Nous savons depuis longtemps que le conseil municipal n’est ici qu’un piège à cons(eillers). Nous avons dit (article précédent) pourquoi il fallait y mettre fin. Pour le respect des électeurs qui ont souhaité que cela change à Saint-Cyprien. Pour l’honneur d’une institution qu’il est indécent de caricaturer ainsi. Et parce que, une fois engagées les actions pour que la Justice y mette fin, continuer à siéger dans ce conseil qui bafoue les règles, la morale et l’intérêt public ne fait que donner un semblant de crédibilité à cette démocratie fantoche où braconne effrontément Thierry Del Poso.

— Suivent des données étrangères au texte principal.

lemma opt_welfare_convex:
  assumes "\<And>j. X j = c * Z j + (1 - c) * Y j" "0 \<le> c" "c \<le> 1"
  shows "opt_welfare (u(i := X)) \<le> c * opt_welfare (u(i := Z)) + (1 - c) * opt_welfare (u(i := Y))"
proof -
  obtain \<mu> where \<mu>: "\<mu> \<in> outcomes" "opt_welfare (u(i := X)) = welfare (u(i := X)) \<mu>"
    using opt_welfare_attained by blast
  have "welfare (u(i := X)) \<mu> = c * welfare (u(i := Z)) \<mu> + (1 - c) * welfare (u(i := Y)) \<mu>"
    by (rule welfare_affine) (rule assms)
  also have "\<dots> \<le> c * opt_welfare (u(i := Z)) + (1 - c) * opt_welfare (u(i := Y))"
    using assms \<mu> by (intro add_mono mult_left_mono welfare_le_opt) auto
  finally show ?thesis using \<mu> by simp
qed

lemma welfare_nonneg: "(\<And>k j. 0 \<le> v k j) \<Longrightarrow> 0 \<le> welfare v \<mu>"
  unfolding welfare_def by (intro sum_nonneg) auto

text \<open>With nonnegative valuations, one positive value already makes the optimum positive:
  give that item to that agent via a transposition.\<close>

lemma opt_welfare_pos:
  assumes "\<And>k j. 0 \<le> v k j" "v i j > 0"
  shows "opt_welfare v > 0"
proof -
  let ?\<mu> = "Transposition.transpose i j"
  have "v i (?\<mu> i) \<le> welfare v ?\<mu>"
    unfolding welfare_def using assms(1) by (intro member_le_sum) auto
  also have "\<dots> \<le> opt_welfare v" by (rule welfare_le_opt) (simp add: outcomes_def)
  finally show ?thesis using assms(2) by simp
qed

lemma profile_nonneg: "u \<in> profiles \<Longrightarrow> 0 \<le> u k j"
  unfolding profiles_def using unit_range_bounds by blast

lemma welfare_ratio_nonneg:
  assumes u: "u \<in> profiles"
  shows "0 \<le> welfare_ratio J u"
proof -
  have "0 \<le> exp_welfare J u"
    unfolding exp_welfare_def by (intro integral_nonneg_AE AE_I2 welfare_nonneg profile_nonneg[OF u])
  moreover have "0 \<le> opt_welfare u"
    using welfare_nonneg[of u id] welfare_le_opt[of id u] profile_nonneg[OF u]
    by (simp add: outcomes_def)
  ultimately show ?thesis by simp
qed
lemma fin_supp_diff: "fin_supp \<alpha> \<Longrightarrow> fin_supp (\<lambda>i. \<alpha> i - \<beta> i)"
  unfolding fin_supp_def by (rule finite_subset[of _ "{i. \<alpha> i \<noteq> 0}"]) auto

lemma finite_below_split:
  assumes "finite A" "finite B"
  shows "finite {\<alpha>. \<exists>\<beta>\<in>below \<alpha>. \<beta> \<in> A \<and> (\<lambda>i. \<alpha> i - \<beta> i) \<in> B}"
proof (rule finite_subset)
  show "{\<alpha>. \<exists>\<beta>\<in>below \<alpha>. \<beta> \<in> A \<and> (\<lambda>i. \<alpha> i - \<beta> i) \<in> B} \<subseteq> (\<lambda>(\<beta>, \<gamma>) i. \<beta> i + \<gamma> i) ` (A \<times> B)"
  proof
    fix \<alpha> assume "\<alpha> \<in> {\<alpha>. \<exists>\<beta>\<in>below \<alpha>. \<beta> \<in> A \<and> (\<lambda>i. \<alpha> i - \<beta> i) \<in> B}"
    then obtain \<beta> where "\<beta> \<in> below \<alpha>" "\<beta> \<in> A" "(\<lambda>i. \<alpha> i - \<beta> i) \<in> B" by blast
    moreover from \<open>\<beta> \<in> below \<alpha>\<close> have "\<alpha> = (\<lambda>(\<beta>, \<gamma>) i. \<beta> i + \<gamma> i) (\<beta>, \<lambda>i. \<alpha> i - \<beta> i)"
      by (auto simp: below_def)
    ultimately show "\<alpha> \<in> (\<lambda>(\<beta>, \<gamma>) i. \<beta> i + \<gamma> i) ` (A \<times> B)"
      by (intro image_eqI) auto
  qed
  show "finite ((\<lambda>(\<beta>, \<gamma>) i. \<beta> i + \<gamma> i) ` (A \<times> B))"
    using assms by simp
qed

Car il a avoué sa forfaiture le 7 octobre en séance publique. Il s’en est vanté à deux reprises : " il n’y aura pas de démocratie avant 2014 ". Nul ne peut plus l’ignorer, ni les électeurs de Saint-Cyprien, ni le Préfet et les tribunaux, ni les confrères du barreau et les frères de loge, ni ses nouveaux amis de la majorité présidentielle (dont il demande le soutien) ni ceux de la nouvelle majorité sénatoriale (qu’il a soutenus le 25 septembre), la démocratie n’existe pas à Saint-Cyprien, la démocratie ne passera pas par lui.

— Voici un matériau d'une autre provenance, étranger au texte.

(* Let $\Omega\subset\mathbb{R}^d$ be a bounded Lipschitz domain, $0<\alpha\le1$, $\delta,M_1,M_2>0$, and let $\varrho=\varrho(\Omega,\delta,M_1,M_2,\alpha)>0$ be the radius of guaranteed local injectivity described in the context. Then for every $0<\gamma<\frac{\varrho}{2}$ there exists $\lambda>0$, depending only on $\gamma,d,\Omega,\delta,\alpha,M_1,M_2$ (and not on the maps below), such that for all $y,z\in C^{1,\alpha}(\Omega;\mathbb{R}^d)$ that both satisfy $\det\nabla(\cdot)\ge\delta$, $|\nabla(\cdot)|\le M_1$ on $\Omega$ and $\|\nabla(\cdot)\|_{C^\alpha(\Omega)}\le M_2$, and with $\|y-z\|_{L^\infty}\le\lambda$, we have $$\tilde P^{(\gamma)}_y(0)\subset P_z(0),$$ where $$\tilde P^{(\gamma)}_y(0):=\{x_1\in\Omega:\ \exists x_2\in\Omega\text{ with }\operatorname{dist}(x_2,\partial\Omega)>\gamma,\ y(x_1)=y(x_2),\ |x_1-x_2|>\tfrac{\varrho}{2}+\gamma\},$$ $$P_z(0):=\{x\in\Omega:\ \exists\tilde x\in\Omega\text{ with } z(x)=z(\tilde x)\text{ and }|x-\tilde x|>\tfrac{\varrho}{2}\}.$$
   Context: The radius $\varrho>0$ depends only on $\Omega,\delta,M_1,M_2,\alpha$ and has the property that every $y\in C^{1,\alpha}(\Omega;\mathbb{R}^d)$ with $\det\nabla y\ge\delta$, $|\nabla y|\le M_1$, $\|\nabla y\|_{C^\alpha(\Omega)}\le M_2$ is injective on $B_\varrho(\bar x)\cap\Omega$ for every $\bar x\in\bar\Omega$, with $\frac12\frac{\delta}{M_1^{d-1}}|x_1-x_2|\le|y(x_1)-y(x_2)|\le M_1\sqrt{1+L^2}|x_1-x_2|$ for $x_1,x_2\in B_\varrho(\bar x)\cap\Omega$ ($L$ bounding the local Lipschitz constants of $\partial\Omega$). Norms are Euclidean. *)

theory Defs
  imports "HOL-Analysis.Analysis"
begin

definition lipschitz_domain :: "(real^'n) set \<Rightarrow> real \<Rightarrow> bool" where
  "lipschitz_domain \<Omega> L \<longleftrightarrow> open \<Omega> \<and> bounded \<Omega> \<and> connected \<Omega> \<and> \<Omega> \<noteq> {} \<and> 0 \<le> L \<and>
     (\<forall>p\<in>frontier \<Omega>. \<exists>r>0. \<exists>e::real^'n. norm e = 1 \<and>
        (\<exists>g::real^'n \<Rightarrow> real. L-lipschitz_on {v. v \<bullet> e = 0} g \<and>
           ball p r \<inter> \<Omega> = {x \<in> ball p r. x \<bullet> e < g (x - (x \<bullet> e) *\<^sub>R e)}))"

definition grad :: "(real^'n \<Rightarrow> real^'n) \<Rightarrow> real^'n \<Rightarrow> real^'n^'n" where
  "grad y x = matrix (frechet_derivative y (at x))"

text \<open>C^alpha norm of a matrix field on \<Omega>: sup norm plus alpha-Hoelder seminorm (in ereal;
  Euclidean = Frobenius norm on matrices).\<close>
definition holder_norm :: "(real^'n) set \<Rightarrow> real \<Rightarrow> (real^'n \<Rightarrow> real^'n^'n) \<Rightarrow> ereal" where
  "holder_norm \<Omega> \<alpha> F =
     (SUP x\<in>\<Omega>. ereal (norm (F x))) +
     (SUP p\<in>{(x, x'). x \<in> \<Omega> \<and> x' \<in> \<Omega> \<and> x \<noteq> x'}.
        ereal (norm (F (fst p) - F (snd p)) / (dist (fst p) (snd p)) powr \<alpha>))"

definition C1_alpha :: "(real^'n) set \<Rightarrow> real \<Rightarrow> (real^'n \<Rightarrow> real^'n) \<Rightarrow> bool" where
  "C1_alpha \<Omega> \<alpha> y \<longleftrightarrow> y differentiable_on \<Omega> \<and> holder_norm \<Omega> \<alpha> (grad y) < \<infinity>"

definition admissible :: "(real^'n) set \<Rightarrow> real \<Rightarrow> real \<Rightarrow> real \<Rightarrow> real \<Rightarrow> (real^'n \<Rightarrow> real^'n) \<Rightarrow> bool" where
  "admissible \<Omega> \<alpha> \<delta> M1 M2 y \<longleftrightarrow> C1_alpha \<Omega> \<alpha> y \<and>
     (\<forall>x\<in>\<Omega>. det (grad y x) \<ge> \<delta> \<and> norm (grad y x) \<le> M1) \<and>
     holder_norm \<Omega> \<alpha> (grad y) \<le> ereal M2"

definition injectivity_radius :: "(real^'n) set \<Rightarrow> real \<Rightarrow> real \<Rightarrow> real \<Rightarrow> real \<Rightarrow> real \<Rightarrow> real \<Rightarrow> bool" where
  "injectivity_radius \<Omega> L \<alpha> \<delta> M1 M2 \<rho> \<longleftrightarrow> \<rho> > 0 \<and>
     (\<forall>y. admissible \<Omega> \<alpha> \<delta> M1 M2 y \<longrightarrow>
       (\<forall>xb\<in>closure \<Omega>. inj_on y (ball xb \<rho> \<inter> \<Omega>) \<and>
          (\<forall>x1\<in>ball xb \<rho> \<inter> \<Omega>. \<forall>x2\<in>ball xb \<rho> \<inter> \<Omega>.
             (1/2) * (\<delta> / M1 ^ (CARD('n) - 1)) * dist x1 x2 \<le> dist (y x1) (y x2) \<and>
             dist (y x1) (y x2) \<le> M1 * sqrt (1 + L\<^sup>2) * dist x1 x2)))"

definition P_tilde :: "(real^'n) set \<Rightarrow> real \<Rightarrow> real \<Rightarrow> (real^'n \<Rightarrow> real^'n) \<Rightarrow> (real^'n) set" where
  "P_tilde \<Omega> \<rho> \<gamma> y = {x1 \<in> \<Omega>. \<exists>x2\<in>\<Omega>. infdist x2 (frontier \<Omega>) > \<gamma> \<and> y x1 = y x2 \<and>
       dist x1 x2 > \<rho> / 2 + \<gamma>}"

definition P0 :: "(real^'n) set \<Rightarrow> real \<Rightarrow> (real^'n \<Rightarrow> real^'n) \<Rightarrow> (real^'n) set" where
  "P0 \<Omega> \<rho> z = {x \<in> \<Omega>. \<exists>xt\<in>\<Omega>. z x = z xt \<and> dist x xt > \<rho> / 2}"

end

theory Submission
  imports Defs
begin

text \<open>Put \<open>c = \<delta> / (2 M1^(d-1))\<close>, the lower Lipschitz constant of admissible maps on
  balls of radius \<open>\<rho>\<close>, and \<open>\<lambda> = c \<gamma> / 8\<close>. If \<open>x\<^sub>1 \<in> P_tilde\<close> is witnessed by \<open>x\<^sub>2\<close>,
  then \<open>B(x\<^sub>2, \<gamma>) \<subseteq> \<Omega>\<close>, and by invariance of domain the injective, \<open>c\<close>-expanding map \<open>z\<close>
  covers \<open>B(z x\<^sub>2, c \<gamma> / 2)\<close> by \<open>z(B(x\<^sub>2, \<gamma> / 2))\<close>. Since \<open>y x\<^sub>1 = y x\<^sub>2\<close>, we have
  \<open>|z x\<^sub>1 - z x\<^sub>2| \<le> 2 \<lambda> < c \<gamma> / 2\<close>, so \<open>z x\<^sub>1 = z a\<close> for some \<open>a \<in> B(x\<^sub>2, \<gamma> / 2)\<close>,
  and \<open>|x\<^sub>1 - a| > \<rho> / 2 + \<gamma> - \<gamma> / 2 > \<rho> / 2\<close>.\<close>

lemma ball_subset_if_infdist_frontier_gt:
  fixes S :: "'a::real_normed_vector set"
  assumes "x \<in> S" and "r < infdist x (frontier S)"
  shows "ball x r \<subseteq> S"
proof (rule ccontr)
  assume "\<not> ball x r \<subseteq> S"
  then have "0 < r" by (metis ball_eq_empty empty_subsetI not_less)
  with \<open>x \<in> S\<close> have "ball x r \<inter> S \<noteq> {}" by (metis IntI centre_in_ball empty_iff)
  moreover have "ball x r - S \<noteq> {}" using \<open>\<not> ball x r \<subseteq> S\<close> by blast
  ultimately obtain p where "p \<in> ball x r" "p \<in> frontier S"
    using connected_Int_frontier[OF connected_ball] by blast
  then have "infdist x (frontier S) < r"
    using infdist_le[of p "frontier S" x] by simp
  with assms(2) show False by simp
qed

lemma ball_subset_image_ball_if_expanding:
  fixes f :: "'a \<Rightarrow> 'a::euclidean_space"
  assumes cont: "continuous_on (cball x r) f" and "0 < c"
    and expanding: "\<And>a b. a \<in> cball x r \<Longrightarrow> b \<in> cball x r \<Longrightarrow> c * dist a b \<le> dist (f a) (f b)"
  shows "ball (f x) (c * r) \<subseteq> f ` ball x r"
proof (cases "0 < r")
  case True
  let ?U = "f ` ball x r"
  have inj: "inj_on f (cball x r)"
    by (rule inj_onI) (use expanding[of _ _] \<open>0 < c\<close> in \<open>force simp: mult_le_0_iff\<close>)
  have "open ?U"
    using invariance_of_domain[OF continuous_on_subset[OF cont ball_subset_cball] open_ball
        inj_on_subset[OF inj ball_subset_cball]] .
  have "closure ?U \<subseteq> f ` cball x r"
    using compact_continuous_image[OF cont]
    by (simp add: closure_minimal compact_imp_closed image_mono)
  moreover have "cball x r = ball x r \<union> sphere x r"
    by auto
  ultimately have "frontier ?U \<subseteq> f ` sphere x r"
    using \<open>open ?U\<close> by (auto simp: frontier_def interior_open image_Un)
  moreover have "ball (f x) (c * r) \<inter> f ` sphere x r = {}"
    using expanding[of x] True by fastforce
  ultimately have "ball (f x) (c * r) \<inter> frontier ?U = {}"
    by blast
  moreover have "f x \<in> ball (f x) (c * r) \<inter> ?U"
    using True \<open>0 < c\<close> by simp
  ultimately show ?thesis
    using connected_Int_frontier[OF connected_ball, of "f x" "c * r" ?U] by blast
next
  case False
  with \<open>0 < c\<close> have "c * r \<le> 0" by (simp add: mult_nonneg_nonpos)
  then show ?thesis by (simp add: ball_empty)
qed

lemma admissible_imp_continuous_on:
  "admissible \<Omega> \<alpha> \<delta> M1 M2 y \<Longrightarrow> continuous_on \<Omega> y"
  by (simp add: admissible_def C1_alpha_def differentiable_imp_continuous_on)

lemma injectivity_radius_expanding:
  fixes \<Omega> :: "(real^'n) set"
  assumes "injectivity_radius \<Omega> L \<alpha> \<delta> M1 M2 \<rho>" and "admissible \<Omega> \<alpha> \<delta> M1 M2 z"
    and "xb \<in> closure \<Omega>" and "a \<in> ball xb \<rho> \<inter> \<Omega>" and "b \<in> ball xb \<rho> \<inter> \<Omega>"
  shows "\<delta> / (2 * M1 ^ (CARD('n) - 1)) * dist a b \<le> dist (z a) (z b)"
  using assms unfolding injectivity_radius_def by auto

lemma P_tilde_subset_P0:
  fixes \<Omega> :: "(real^'n) set"
  assumes radius: "injectivity_radius \<Omega> L \<alpha> \<delta> M1 M2 \<rho>" and "0 < \<delta>" and "0 < M1"
    and z: "admissible \<Omega> \<alpha> \<delta> M1 M2 z" and "0 < \<gamma>" and "\<gamma> < \<rho> / 2"
    and close: "\<forall>x\<in>\<Omega>. norm (y x - z x) \<le> \<delta> * \<gamma> / (16 * M1 ^ (CARD('n) - 1))"
  shows "P_tilde \<Omega> \<rho> \<gamma> y \<subseteq> P0 \<Omega> \<rho> z"
proof
  define c where "c = \<delta> / (2 * M1 ^ (CARD('n) - 1))"
  have "0 < c" using \<open>0 < \<delta>\<close> \<open>0 < M1\<close> by (simp add: c_def)
  fix x1
  assume "x1 \<in> P_tilde \<Omega> \<rho> \<gamma> y"
  then obtain x2 where "x1 \<in> \<Omega>" "x2 \<in> \<Omega>" "\<gamma> < infdist x2 (frontier \<Omega>)"
    and "y x1 = y x2" and far: "\<rho> / 2 + \<gamma> < dist x1 x2"
    unfolding P_tilde_def by blast
  have "ball x2 \<gamma> \<subseteq> \<Omega>"
    by (rule ball_subset_if_infdist_frontier_gt) fact+
  then have small_ball: "cball x2 (\<gamma> / 2) \<subseteq> ball x2 \<rho> \<inter> \<Omega>"
    using \<open>0 < \<gamma>\<close> \<open>\<gamma> < \<rho> / 2\<close> by (auto simp: subset_eq)
  have "ball (z x2) (c * (\<gamma> / 2)) \<subseteq> z ` ball x2 (\<gamma> / 2)"
  proof (rule ball_subset_image_ball_if_expanding[OF _ \<open>0 < c\<close>])
    show "continuous_on (cball x2 (\<gamma> / 2)) z"
      using small_ball admissible_imp_continuous_on[OF z] by (blast intro: continuous_on_subset)
    show "c * dist a b \<le> dist (z a) (z b)" if "a \<in> cball x2 (\<gamma> / 2)" "b \<in> cball x2 (\<gamma> / 2)" for a b
      using injectivity_radius_expanding[OF radius z closure_subset[THEN subsetD, OF \<open>x2 \<in> \<Omega>\<close>]]
        that small_ball unfolding c_def by blast
  qed
  moreover have "dist (z x2) (z x1) < c * (\<gamma> / 2)"
  proof -
    have "dist (z x2) (z x1) = norm ((y x1 - z x1) - (y x2 - z x2))"
      using \<open>y x1 = y x2\<close> by (simp add: dist_norm algebra_simps)
    also have "\<dots> \<le> norm (y x1 - z x1) + norm (y x2 - z x2)"
      by (rule norm_triangle_ineq4)
    also have "\<dots> \<le> c * \<gamma> / 8 + c * \<gamma> / 8"
      using close \<open>x1 \<in> \<Omega>\<close> \<open>x2 \<in> \<Omega>\<close> unfolding c_def by (intro add_mono) auto
    also have "\<dots> < c * (\<gamma> / 2)"
      using \<open>0 < c\<close> \<open>0 < \<gamma>\<close> by simp
    finally show ?thesis .
  qed
  ultimately obtain a where a: "a \<in> ball x2 (\<gamma> / 2)" and "z x1 = z a"
    by auto
  have "a \<in> \<Omega>" using a small_ball by auto
  moreover have "\<rho> / 2 < dist x1 a"
    using a far dist_triangle[of x1 x2 a] \<open>0 < \<gamma>\<close> by (simp add: dist_commute)
  ultimately show "x1 \<in> P0 \<Omega> \<rho> z"
    unfolding P0_def using \<open>x1 \<in> \<Omega>\<close> \<open>z x1 = z a\<close> by blast
qed

theorem proposition3p10:
  fixes \<Omega> :: "(real^'n) set" and L \<alpha> \<delta> M1 M2 \<rho> \<gamma> :: real
  assumes "lipschitz_domain \<Omega> L"
    and "0 < \<alpha>" and "\<alpha> \<le> 1" and "0 < \<delta>" and "0 < M1" and "0 < M2"
    and "injectivity_radius \<Omega> L \<alpha> \<delta> M1 M2 \<rho>"
    and "0 < \<gamma>" and "\<gamma> < \<rho> / 2"
  shows "\<exists>lam>0. \<forall>y z. admissible \<Omega> \<alpha> \<delta> M1 M2 y \<longrightarrow> admissible \<Omega> \<alpha> \<delta> M1 M2 z \<longrightarrow>
           (\<forall>x\<in>\<Omega>. norm (y x - z x) \<le> lam) \<longrightarrow> P_tilde \<Omega> \<rho> \<gamma> y \<subseteq> P0 \<Omega> \<rho> z"
proof (intro exI conjI allI impI)
  show "0 < \<delta> * \<gamma> / (16 * M1 ^ (CARD('n) - 1))"
    using assms by simp
  show "P_tilde \<Omega> \<rho> \<gamma> y \<subseteq> P0 \<Omega> \<rho> z"
    if "admissible \<Omega> \<alpha> \<delta> M1 M2 z"
      and "\<forall>x\<in>\<Omega>. norm (y x - z x) \<le> \<delta> * \<gamma> / (16 * M1 ^ (CARD('n) - 1))" for y z
    using P_tilde_subset_P0[OF assms(7) assms(4,5) that(1) assms(8,9) that(2)] .
qed

end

Nous le savions mais certains pouvaient penser que nous exagérions, chacun maintenant est averti : " pas de démocratie ici avant 2014 " dit Del Poso (qui croit sans doute atteindre sans encombres un horizon abrité en 2014). C’est désormais clair pour tous : pas de démocratie avec Del Poso, cessons les faux-semblants, la démocratie ne s’imposera que contre lui, par son départ et celui des siens.

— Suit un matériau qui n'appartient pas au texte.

lemma Apery_reduced_representation:
  assumes "x \<in> S" "x - g 1 \<notin> S"
  obtains i c where "2 \<le> i" "i \<le> n" "\<And>j. c j \<noteq> 0 \<Longrightarrow> i \<le> j \<and> j \<le> n"
    "int (c i) \<le> b" "\<And>j. i < j \<Longrightarrow> int (c j) \<le> b - 1"
    "x = (\<Sum>j = 1..n + 1. int (c j) * g j)"
proof -
  obtain c0 K where "\<And>j. c0 j \<noteq> 0 \<Longrightarrow> 1 \<le> j \<and> j \<le> K" "x = (\<Sum>j = 1..K. int (c0 j) * g j)"
    using Sgp_finite_combination[OF assms(1)] by blast
  then have "supported_rep x c0" by (rule supported_rep_if_not_mem[OF assms(2)])
  then obtain c where "supported_rep x c" and minimal: "\<And>c'. supported_rep x c' \<Longrightarrow> weight c \<le> weight c'"
    using ex_has_least_nat[of "supported_rep x" c0 weight] by blast
  note no_exchange = minimal_supported_rep_no_exchange[OF assms(2) this]
  have supp: "\<And>j. c j \<noteq> 0 \<Longrightarrow> 2 \<le> j \<and> j \<le> n"
    and x: "x = (\<Sum>j = 1..n + 1. int (c j) * g j)"
    using \<open>supported_rep x c\<close> by (auto simp: supported_rep_def)
  define i where "i = (if \<exists>j. c j \<noteq> 0 then LEAST j. c j \<noteq> 0 else 2)"
  have i_least: "i \<le> j" if "c j \<noteq> 0" for j
    using that by (auto simp: i_def intro: Least_le)
  have c_i: "c i \<noteq> 0" if "c j \<noteq> 0" for j
    using that LeastI_ex[of "\<lambda>j. c j \<noteq> 0"] by (auto simp: i_def)
  have "2 \<le> i \<and> i \<le> n"
  proof (cases "\<exists>j. c j \<noteq> 0")
    case True
    then show ?thesis using c_i supp by blast
  qed (use n_gt_1 in \<open>simp add: i_def\<close>)
  moreover have "int (c i) \<le> b"
    using no_exchange[of i i] \<open>2 \<le> i \<and> i \<le> n\<close> by force
  moreover have "int (c j) \<le> b - 1" if "i < j" for j
  proof (rule ccontr)
    assume "\<not> int (c j) \<le> b - 1"
    then have "c j \<noteq> 0" using b_gt_1 by auto
    then show False
      using no_exchange[of i j] c_i[OF \<open>c j \<noteq> 0\<close>] supp[OF \<open>c j \<noteq> 0\<close>]
        \<open>\<not> int (c j) \<le> b - 1\<close> \<open>i < j\<close> \<open>2 \<le> i \<and> i \<le> n\<close> by simp
  qed
  ultimately show thesis
    using that[of i c] i_least supp x by blast
qed

lemma reduced_representation_below_ap_max:
  assumes "2 \<le> i" "i \<le> n" and supp: "\<And>j. c j \<noteq> 0 \<Longrightarrow> i \<le> j \<and> j \<le> n"
    and "int (c i) \<le> b" "\<And>j. i < j \<Longrightarrow> int (c j) \<le> b - 1"
  shows "ap_max i - (\<Sum>j = 1..n + 1. int (c j) * g j) \<in> S"
proof -
  define w where "w j = b - 1 + (if j = i then 1 else 0)" for j
  have "(\<Sum>j = i..n. w j * g j) = (\<Sum>j = i..n. (b - 1) * g j) + 1 * g i"
    unfolding w_def using assms(2) by (intro sum_add_delta) auto
  then have "ap_max i = (\<Sum>j = i..n. w j * g j)"
    by (simp add: ap_max_def sum_distrib_left)
  moreover have "c j = 0" if "j < i \<or> n < j" for j
    using supp[of j] that by (cases "c j = 0") auto
  then have "(\<Sum>j = 1..n + 1. int (c j) * g j) = (\<Sum>j = i..n. int (c j) * g j)"
    using assms(1) by (intro sum.mono_neutral_right) auto
  ultimately have "ap_max i - (\<Sum>j = 1..n + 1. int (c j) * g j) = (\<Sum>j = i..n. (w j - int (c j)) * g j)"
    by (simp add: sum_subtractf left_diff_distrib)
  also have "\<dots> \<in> S"
    using assms by (intro Sgp_sum) (auto simp: w_def)
  finally show ?thesis .
qed

lemma Apery_below_ap_max:
  assumes "x \<in> Apery S (g 1)"
  shows "\<exists>i\<in>{2..n}. ap_max i - x \<in> S"
proof -
  have "x \<in> S" "x - g 1 \<notin> S" using assms by (simp_all add: Apery_def)
  then obtain i c where i: "2 \<le> i" "i \<le> n" and "\<And>j. c j \<noteq> 0 \<Longrightarrow> i \<le> j \<and> j \<le> n"
    "int (c i) \<le> b" "\<And>j. i < j \<Longrightarrow> int (c j) \<le> b - 1"
    and x: "x = (\<Sum>j = 1..n + 1. int (c j) * g j)"
    using Apery_reduced_representation by blast
  then have "ap_max i - x \<in> S"
    unfolding x by (intro reduced_representation_below_ap_max)
  then show ?thesis using i by auto
qed

theorem maximals_Apery: "maximals S (Apery S (g 1)) = ap_max ` {2..n}"
proof (rule maximals_eq_dominating_antichain)
  show "S \<subseteq> {0..}" using Sgp_nonneg[of a b _ n] a_pos b_gt_1 by (auto simp: subset_eq)
  show "ap_max ` {2..n} \<subseteq> Apery S (g 1)"
    using ap_max_mem ap_max_minus_gen_1_not_mem by (auto simp: Apery_def)
qed (auto intro: Sgp_add Apery_below_ap_max dest: ap_max_antichain[rotated 4])

end

theorem proposition29:
  fixes a b :: int and n :: nat
  assumes "a > 0" and "b > 1" and "n > 1"
    and "gcd (repunit b n) a = 1"
  shows "maximals (Sgp a b n) (Apery (Sgp a b n) (gen a b n 1)) =
    {gen a b n i + (b - 1) * (\<Sum>j = i..n. gen a b n j) | i. 2 \<le> i \<and> i \<le> n}"
proof -
  interpret repunit_semigroup a b n
    using assms by unfold_locales
  show ?thesis
    using maximals_Apery by (auto simp: ap_max_def)
qed

end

Le 7 octobre a officialisé que le conseil municipal est et restera, sous Del Poso, un piège à cons(eillers). Pire : pour que nul ne s’agite dans le piège, on n’hésite plus à bâillonner les conseillers englués dans la litanie des récriminations et lamentations, on menace d’expulser le public et de siéger à huis clos … et SVP on en prend les moyens : on demande au Préfet un renfort policier afin de chasser quelques dizaines de citoyens trop curieux et de garantir ainsi au monarque le silence du huis clos, ce cimetière de la démocratie locale. Ironie funèbre d’une fin de règne : le zen s’enferme dans son huis clos et le braconnier de la démocratie fait appel aux gendarmes pour sécuriser son despotisme.
Mais, trop fier de lui, ce braconnier de la démocratie, oublie qu’il arrive en France que les gendarmes mettent fin aux fanfaronnades des braconniers.